The lyophilized spherical, ellipsoidal, or PEGylated ellipsoidal PLGA-NPs were sterilized using UV for 30 minutes, and then dispersed in 0.1 M MES buffer at 2 mg mL−1 followed by ultrasonication in water bath for 5 minutes. Each type of NPs was activated by EDC/NHS as described above. The NHS-activated NPs were added dropwise into the polyethyleneimine (PEI) solution with magnetic stirring for 2 hours at RT, and then washed twice by centrifugation at 12,000 rpm to remove free PEI. For the generation of SaAPC, EaAPC, and EaAPCPEG, the resulting PEI-conjugated spherical NPs, ellipsoidal NPs, and PEGylated ellipsoidal NPs (10 mg) were co-incubated, respectively, with H-2Kb/TRP2180-188-Ig dimers (10 μg; BD Biosciences, San Jose, CA, USA) and anti-CD28 (10 μg; eBiosciences, San Diego, CA, USA) overnight at 4°C. To prepare the EaAPCPEG/CD47, 10 mg of PEGylated ellipsoidal NPs were co-incubated with H-2Kb/TRP2180-188-Ig dimers (10 μg), anti-CD28 (10 μg), and CD47-Fc (160 ng; R&D Systems, Inc., Minneapolis, MN, USA) overnight at 4°C. The resulting each type of aAPCs was blocked with BSA overnight at RT, and then washed thrice by centrifugation at 12,000 rpm for further use.
In order to analyze the phenotypes, each type of aAPCs was stained with PE-anti-H-2Kb (eBiosciences), FITC-anti-hamster IgG (binding to anti-CD28; eBiosciences), and APC-anti-human IgG1 (binding to CD47-Fc; Miltenyi Biotec, Bergisch Gladbach, Germany) for 30 minutes at 4°C; after washing twice, the aAPCs were acquired on a FACSCalibur flow cytometer (BD Biosciences).
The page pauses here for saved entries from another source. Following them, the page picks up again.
lemma unsquash_squash [simp]: "unsquash (squash e) = e"
  using divide_one_plus_abs_bounds
  by (cases e) (auto simp: squash_def unsquash_def divide_simps abs_if dest: less_asym)

lemma squash_unsquash: "-1 \<le> y \<Longrightarrow> y \<le> 1 \<Longrightarrow> squash (unsquash y) = y"
  by (auto simp: squash_def unsquash_def divide_simps abs_if)

lemma le_unsquash_iff:
  assumes "-1 \<le> y"
  shows "e \<le> unsquash y \<longleftrightarrow> squash e \<le> y"
proof (cases "y \<le> 1")
  case True
  then show ?thesis
    using squash_le_iff[of e "unsquash y"] by (simp add: squash_unsquash assms)
qed (use squash_bounds[of e] in \<open>simp add: unsquash_def\<close>)

lemma unsquash_le_iff:
  assumes "y \<le> 1"
  shows "unsquash y \<le> e \<longleftrightarrow> y \<le> squash e"
proof (cases "-1 \<le> y")
  case True
  then show ?thesis
    using squash_le_iff[of "unsquash y" e] by (simp add: squash_unsquash assms)
qed (use squash_bounds[of e] in \<open>simp add: unsquash_def\<close>)

lemma unsquash_eq_infinity: "1 \<le> y \<Longrightarrow> unsquash y = \<infinity>"
  and unsquash_eq_minus_infinity: "y \<le> -1 \<Longrightarrow> unsquash y = -\<infinity>"
  by (simp_all add: unsquash_def)

lemma continuous_map_squash: "continuous_map euclidean euclideanreal squash"
  unfolding continuous_map_upper_lower_semicontinuous_lt
proof (intro allI conjI)
  fix a :: real
  have "a < squash e \<longleftrightarrow> unsquash a < e" if "-1 \<le> a" for e
    using le_unsquash_iff[OF that, of e] by (simp flip: not_le)
  moreover have "a < squash e" if "a < -1" for e
    using squash_bounds[of e] that by linarith
  ultimately have "{e. a < squash e} = (if a < -1 then UNIV else {unsquash a<..})"
    by (auto simp: not_less)
  then show "openin euclidean {e \<in> topspace euclidean. a < squash e}"
    by simp
  have "squash e < a \<longleftrightarrow> e < unsquash a" if "a \<le> 1" for e
    using unsquash_le_iff[OF that, of e] by (simp flip: not_le)
  moreover have "squash e < a" if "1 < a" for e
    using squash_bounds[of e] that by linarith
  ultimately have "{e. squash e < a} = (if 1 < a then UNIV else {..<unsquash a})"
    by (auto simp: not_less)
  then show "openin euclidean {e \<in> topspace euclidean. squash e < a}"
    by simp
qed

lemma continuous_map_unsquash: "continuous_map euclideanreal euclidean unsquash"
  unfolding continuous_map_upper_lower_semicontinuous_lt
proof (intro allI conjI)
  fix e :: ereal
  have "e < unsquash y \<longleftrightarrow> squash e < y" if "e \<noteq> \<infinity>" for y
  proof (cases "y \<le> 1")
    case False
    have "squash e < 1"
      using squash_less_iff[of e \<infinity>] that by (simp add: squash_def)
    with False show ?thesis
      by (simp add: unsquash_eq_infinity that)
  qed (simp add: unsquash_le_iff flip: not_le)
  then have "{y. e < unsquash y} = (if e = \<infinity> then {} else {squash e<..})"
    by auto
  then show "openin euclideanreal {y \<in> topspace euclideanreal. e < unsquash y}"
    by simp
  have "unsquash y < e \<longleftrightarrow> y < squash e" if "e \<noteq> -\<infinity>" for y
  proof (cases "-1 \<le> y")
    case False
    have "-1 < squash e"
      using squash_less_iff[of "-\<infinity>" e] that by (simp add: squash_def)
    with False show ?thesis
      by (simp add: unsquash_eq_minus_infinity that)
  qed (simp add: le_unsquash_iff flip: not_le)
  then have "{y. unsquash y < e} = (if e = -\<infinity> then {} else {..<squash e})"
    by auto
  then show "openin euclideanreal {y \<in> topspace euclideanreal. unsquash y < e}"
    by simp
qed

lemma squash_lower_bound_le_upper_bound:
  fixes l u :: "'i \<Rightarrow> ereal"
  assumes "(INF i. l i) \<le> (SUP i. u i)" and t: "\<forall>i. t \<le> squash (l i)" and s: "\<forall>i. squash (u i) \<le> s"
  shows "t \<le> s"
proof -
  have "t \<le> 1" "-1 \<le> s"
    using order_trans[OF t[rule_format] squash_bounds(2)]
      order_trans[OF squash_bounds(1) s[rule_format]] by blast+
  have "unsquash t \<le> (INF i. l i)"
    using t unsquash_le_iff[OF \<open>t \<le> 1\<close>] by (blast intro: INF_greatest)
  also have "\<dots> \<le> (SUP i. u i)"
    by fact
  also have "\<dots> \<le> unsquash s"
    using s le_unsquash_iff[OF \<open>-1 \<le> s\<close>] by (blast intro: SUP_least)
  finally have "t \<le> squash (unsquash s)"
    using \<open>t \<le> 1\<close> unsquash_le_iff by blast
  also have "\<dots> \<le> s"
    using le_unsquash_iff[OF \<open>-1 \<le> s\<close>, of "unsquash s"] by simp
  finally show "t \<le> s" .
qed

lemma INF_le_unsquash:
  fixes l :: "'i \<Rightarrow> ereal"
  assumes lower: "\<And>t. \<forall>i. t \<le> squash (l i) \<Longrightarrow> t \<le> y"
  shows "(INF i. l i) \<le> unsquash y"
proof -
  have "squash (INF i. l i) \<le> y"
    by (intro lower allI squash_le_iff[THEN iffD2] INF_lower UNIV_I)
  moreover have "-1 \<le> y"
    using squash_bounds(1) by (intro lower allI)
  ultimately show ?thesis
    using le_unsquash_iff by blast
qed

lemma unsquash_le_SUP:
  fixes u :: "'i \<Rightarrow> ereal"
  assumes upper: "\<And>s. \<forall>i. squash (u i) \<le> s \<Longrightarrow> y \<le> s"
  shows "unsquash y \<le> (SUP i. u i)"
proof -
  have "y \<le> squash (SUP i. u i)"
    by (intro upper allI squash_le_iff[THEN iffD2] SUP_upper UNIV_I)
  moreover have "y \<le> 1"
    using squash_bounds(2) by (intro upper allI)
  ultimately show ?thesis
    using unsquash_le_iff by blast
qed

lemma countable_Hahn_insertion:
  fixes l u :: "'i::countable \<Rightarrow> 'a \<Rightarrow> ereal"
  assumes cont_l: "\<And>i. continuous_map X euclidean (l i)"
    and cont_u: "\<And>i. continuous_map X euclidean (u i)"
    and INF_le_SUP: "\<And>x. x \<in> topspace X \<Longrightarrow> (INF i. l i x) \<le> (SUP i. u i x)"
  shows "\<exists>f. continuous_map X euclidean f \<and>
           (\<forall>x \<in> topspace X. (INF i. l i x) \<le> f x \<and> f x \<le> (SUP i. u i x))"
proof -
  have "\<exists>\<phi>. continuous_map X euclideanreal \<phi> \<and>
       (\<forall>x \<in> topspace X. (\<forall>t. (\<forall>i. t \<le> squash (l i x)) \<longrightarrow> t \<le> \<phi> x) \<and>
                          (\<forall>s. (\<forall>i. squash (u i x) \<le> s) \<longrightarrow> \<phi> x \<le> s))"
  proof (rule countable_Hahn_insertion_real[where c = 1])
    show "continuous_map X euclideanreal (\<lambda>x. squash (l i x))"
      "continuous_map X euclideanreal (\<lambda>x. squash (u i x))" for i
      using continuous_map_compose[OF cont_l continuous_map_squash]
        continuous_map_compose[OF cont_u continuous_map_squash] by (simp_all add: o_def)
    show "\<bar>squash (l i x)\<bar> \<le> 1 \<and> \<bar>squash (u i x)\<bar> \<le> 1" for i x
      using squash_bounds by (simp add: abs_le_iff)
    show "t \<le> s" if "x \<in> topspace X" "\<forall>i. t \<le> squash (l i x)" "\<forall>i. squash (u i x) \<le> s" for x s t
      using INF_le_SUP[OF that(1)] that(2,3) by (rule squash_lower_bound_le_upper_bound)
  qed
  then obtain \<phi> where cont_\<phi>: "continuous_map X euclideanreal \<phi>"
    and \<phi>: "\<And>x. x \<in> topspace X \<Longrightarrow>
       (\<forall>t. (\<forall>i. t \<le> squash (l i x)) \<longrightarrow> t \<le> \<phi> x) \<and> (\<forall>s. (\<forall>i. squash (u i x) \<le> s) \<longrightarrow> \<phi> x \<le> s)"
    by blast
  show ?thesis
  proof (intro exI conjI ballI)
    show "continuous_map X euclidean (\<lambda>x. unsquash (\<phi> x))"
      using continuous_map_compose[OF cont_\<phi> continuous_map_unsquash] by (simp add: o_def)
    fix x
    assume "x \<in> topspace X"
    then show "(INF i. l i x) \<le> unsquash (\<phi> x)" "unsquash (\<phi> x) \<le> (SUP i. u i x)"
      using \<phi> by (intro INF_le_unsquash unsquash_le_SUP; blast)+
  qed
qed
Phagocytosis of macrophage in vitro
The SaAPC, EaAPC, EaAPCPEG, and EaAPCPEG/CD47 were prepared as described, but additionally co-coupled with PE-streptavidin (BD Biosciences) (10 mg) onto the surface to generate PE-labeled aAPCs. RAW264.7 macrophages were seeded into a 24-well flat-bottom plate (1×105 cells per well) (Falcon Plate; Corning Incorporated, Corning, NY, USA), maintained in DMEM (Thermo Fisher Scientific, Waltham, MA, USA) supplemented with 10% FBS (Thermo Fisher Scientific), and incubated in a humidified incubator with 5% CO2 and at 37°C for 24 hours to allow cell attachment. Then, the PE-labeled SaAPC, EaAPC, EaAPCPEG, and EaAPCPEG/CD47 as well as PE-unlabeled SaAPC were added into the cell wells (200 μg per well), respectively, for another 6 hours of incubation in the dark. After that, the cell wells were washed five times gently with PBS (10 mM, pH 7.4) to remove the free aAPCs which did not enter into cells or did not contact with cells, followed by the incubation with 4% paraformaldehyde solution for 20 minutes 4°C in dark. After staining with DAPI (Sigma-Aldrich Co.) for 5 minutes at 4°C in dark, the cell wells were washed with PBS and imaged by confocal laser scanning microscope (CLSM, FV1000; Olympus Corporation, Tokyo, Japan).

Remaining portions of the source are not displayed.